■ EXERCISE DETAILS: Whenever a line below includes the word "subseteq", copy that line.

[Saved entries]
+ + + +

lemma admissible_monI_S:
  "i \<le> n \<Longrightarrow> 2 * n \<le> l + 2 * i \<Longrightarrow> n \<le> a + i \<Longrightarrow> a + n \<le> l + i \<Longrightarrow> admissible_mon l a (S i)"
  unfolding admissible_mon_def by blast

lemma admissible_monI_imd:
  assumes "c \<in> C" "1 \<le> j" "j \<le> len c" "i \<le> n" "S i = enz c \<or> S i = sub c (j - 1) \<or> S i = sub c j"
    "2 * n + 1 \<le> l + 2 * i" "n \<le> a + i" "a + n + 1 \<le> l + i"
  shows "admissible_mon l a (imd c j)"
  unfolding admissible_mon_def using assms by blast

lemma admissible_monE:
  assumes "admissible_mon l a x"
  obtains (S) i where "i \<le> n" "x = S i" "2 * n \<le> l + 2 * i" "n \<le> a + i" "a + n \<le> l + i"
  | (imd) c j i where "c \<in> C" "1 \<le> j" "j \<le> len c" "x = imd c j" "i \<le> n"
      "S i = enz c \<or> S i = sub c (j - 1) \<or> S i = sub c j"
      "2 * n + 1 \<le> l + 2 * i" "n \<le> a + i" "a + n + 1 \<le> l + i"
  using assms unfolding admissible_mon_def by (elim disjE bexE exE conjE) fast+

lemma admissible_mon_binding_enzyme:
  assumes c: "c \<in> C" "1 \<le> j" "j \<le> len c" and e: "enz c = Y" and adm: "admissible_mon l a x"
    and x: "x = sub c (j - 1) \<or> x = imd c j"
  shows "admissible_mon (Suc l) (Suc a) (sub c (j - 1))"
  using adm
proof (cases rule: admissible_monE)
  case (S i)
  then have "S i = sub c (j - 1)" using S_ne_imd[of i c j] c x n by auto
  moreover have "admissible_mon (Suc l) (Suc a) (S i)" by (rule admissible_monI_S) (use S in arith)+
  ultimately show ?thesis by simp
next
  case (imd c' j' i)
  have "x \<noteq> sub c (j - 1)" using imd_ne_sub[OF imd(1-3) c(1), of "j - 1"] imd(4) c by simp
  then have "c' = c" "j' = j" using imd_inj[OF imd(1) c(1) imd(2,3) c(2,3)] imd(4) x by auto
  have iL: "i \<le> L" using imd(5) n by simp
  then consider "S i = sub c (j - 1)" | "S i = sub c j"
    using S_ne_Y e imd(6) \<open>c' = c\<close> \<open>j' = j\<close> by auto
  then show ?thesis
  proof cases
    case 1
    have "admissible_mon (Suc l) (Suc a) (S i)" by (rule admissible_monI_S) (use imd in arith)+
    then show ?thesis using 1 by simp
  next
    case 2
    have "c = c1" using same_enzyme_substrate_same_component[OF c(1) c1 c(3), of i] iL len_c1 e 2 by simp
    then have "j = i" using sub_inj[OF c1, of j i] 2 c iL len_c1 by simp
    then have "sub c (j - 1) = S (i - 1)" "1 \<le> i" using \<open>c = c1\<close> c by auto
    moreover have "admissible_mon (Suc l) (Suc a) (S (i - 1))"
      by (rule admissible_monI_S) (use imd \<open>1 \<le> i\<close> in arith)+
    ultimately show ?thesis by simp
  qed
qed

lemma admissible_mon_binding_substrate:
  assumes c: "c \<in> C" "1 \<le> j" "j \<le> len c" and e: "sub c (j - 1) = Y" and adm: "admissible_mon l a x"
    and x: "x = enz c \<or> x = imd c j"
  shows "admissible_mon (Suc l) (Suc a) (enz c)"
  using adm
proof (cases rule: admissible_monE)
  case (S i)
  then have "S i = enz c" using S_ne_imd[of i c j] c x n by auto
  moreover have "admissible_mon (Suc l) (Suc a) (S i)" by (rule admissible_monI_S) (use S in arith)+
  ultimately show ?thesis by simp
next
  case (imd c' j' i)
  have "x \<noteq> enz c" using imd_ne_enz[OF imd(1-3) c(1)] imd(4) by simp
  then have "c' = c" "j' = j" using imd_inj[OF imd(1) c(1) imd(2,3) c(2,3)] imd(4) x by auto
  have iL: "i \<le> L" using imd(5) n by simp
  have "S i \<noteq> sub c (j - 1)" using S_ne_Y[OF iL] e by simp
  moreover have "S i \<noteq> sub c j" using sub_ne_S_if_Y_substrate[OF c(1) _ e c(3) iL] c(3) by fastforce
  ultimately have "S i = enz c" using imd(6) \<open>c' = c\<close> \<open>j' = j\<close> by auto
  moreover have "admissible_mon (Suc l) (Suc a) (S i)" by (rule admissible_monI_S) (use imd in arith)+
  ultimately show ?thesis by simp
qed

lemma admissible_mon_intermediate:
  assumes c: "c \<in> C" "1 \<le> j" "j \<le> len c" and adm: "admissible_mon l a x"
    and x: "x = imd c j \<or> x = enz c \<or> x = sub c (j - 1) \<or> x = sub c j"
  shows "admissible_mon (Suc l) a (imd c j)"
  using adm
proof (cases rule: admissible_monE)
  case (S i)
  then have "S i = enz c \<or> S i = sub c (j - 1) \<or> S i = sub c j" using S_ne_imd[of i c j] c x n by auto
  then show ?thesis by (rule admissible_monI_imd[OF c S(1)]) (use S in simp_all)
next
  case (imd c' j' i)
  have "x \<noteq> enz c" "x \<noteq> sub c (j - 1)" "x \<noteq> sub c j"
    using imd_ne_enz[OF imd(1-3) c(1)] imd_ne_sub[OF imd(1-3) c(1)] imd(4) c by auto
  then have "c' = c" "j' = j" using imd_inj[OF imd(1) c(1) imd(2,3) c(2,3)] imd(4) x by auto
  then show ?thesis by (intro admissible_monI_imd[OF c imd(5)]) (use imd in simp_all)
qed
lemma lifting_iff_lattice_lifting:
  "lifting \<rho> Fl \<sigma> L \<longleftrightarrow> lattice_lifting (in_N \<rho> (span \<sigma>)) (Fl \<sigma>) L"
  by (simp add: lifting_def lattice_lifting_def)

lemma saturated_in_N_span:
  assumes "Modules.additive (\<rho> :: 'a::ab_group_add \<Rightarrow> 'v::real_vector)"
  shows "saturated (in_N \<rho> (span X))"
  unfolding saturated_def
proof (intro allI impI)
  fix n :: nat and x assume "n > 0" "zmult n x \<in> in_N \<rho> (span X)"
  then have "real n *\<^sub>R \<rho> x \<in> span X"
    by (simp add: in_N_def additive_zmult_scaleR[OF assms])
  then have "inverse (real n) *\<^sub>R (real n *\<^sub>R \<rho> x) \<in> span X" by (rule span_mul)
  with \<open>n > 0\<close> show "x \<in> in_N \<rho> (span X)" by (simp add: in_N_def)
qed

lemma zsubgroup_in_N_span: "Modules.additive \<rho> \<Longrightarrow> zsubgroup (in_N \<rho> (span X))"
  unfolding zsubgroup_def in_N_def
  by (auto simp: additive.add additive.zero additive.minus span_add span_neg span_zero)

lemma torsion_free_if_inter_saturated:
  assumes "torsion_free (L \<inter> S)" "saturated S" "0 \<in> S"
  shows "torsion_free L"
  using assms unfolding torsion_free_def saturated_def by (metis IntI)

lemma tor_mod_subset_saturated:
  "A \<subseteq> S \<Longrightarrow> saturated S \<Longrightarrow> tor_mod A \<subseteq> S"
  unfolding tor_mod_def saturated_def by blast

lemma tor_mod_diff:
  assumes A: "zsubgroup A" and "x \<in> tor_mod A" "y \<in> tor_mod A"
  shows "x - y \<in> tor_mod A"
proof -
  obtain a b where ab: "a > 0" "zmult a x \<in> A" "b > 0" "zmult b y \<in> A"
    using assms(2,3) unfolding tor_mod_def by auto
  have "zmult b (zmult a x) - zmult a (zmult b y) \<in> A"
    by (rule zsubgroup_diff[OF A zsubgroup_zmult[OF A ab(2)] zsubgroup_zmult[OF A ab(4)]])
  moreover have "zmult (a * b) (x - y) = zmult b (zmult a x) - zmult a (zmult b y)"
    by (simp add: zmult_diff mult.commute flip: zmult_mult)
  ultimately have "zmult (a * b) (x - y) \<in> A" by simp
  moreover have "a * b > 0" using ab by simp
  ultimately show ?thesis unfolding tor_mod_def by blast
qed

lemma tor_mod_eq_saturated:
  assumes A: "zsubgroup A" "A \<subseteq> S" "finite (cosets_in S A)" and S: "zsubgroup S" "saturated S"
  shows "tor_mod A = S"
proof
  show "tor_mod A \<subseteq> S" using tor_mod_subset_saturated A(2) S(2) .
  obtain m where "m > 0" "\<forall>x\<in>S. zmult m x \<in> A"
    using finite_index_uniform_exponent[OF A(1,3) S(1)] by blast
  then show "S \<subseteq> tor_mod A" unfolding tor_mod_def by blast
qed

+ + + +

■ YOUR RESPONSE:
  "A \<subseteq> S \<Longrightarrow> saturated S \<Longrightarrow> tor_mod A \<subseteq> S"
  assumes A: "zsubgroup A" "A \<subseteq> S" "finite (cosets_in S A)" and S: "zsubgroup S" "saturated S"
  show "tor_mod A \<subseteq> S" using tor_mod_subset_saturated A(2) S(2) .
  then show "S \<subseteq> tor_mod A" unfolding tor_mod_def by blast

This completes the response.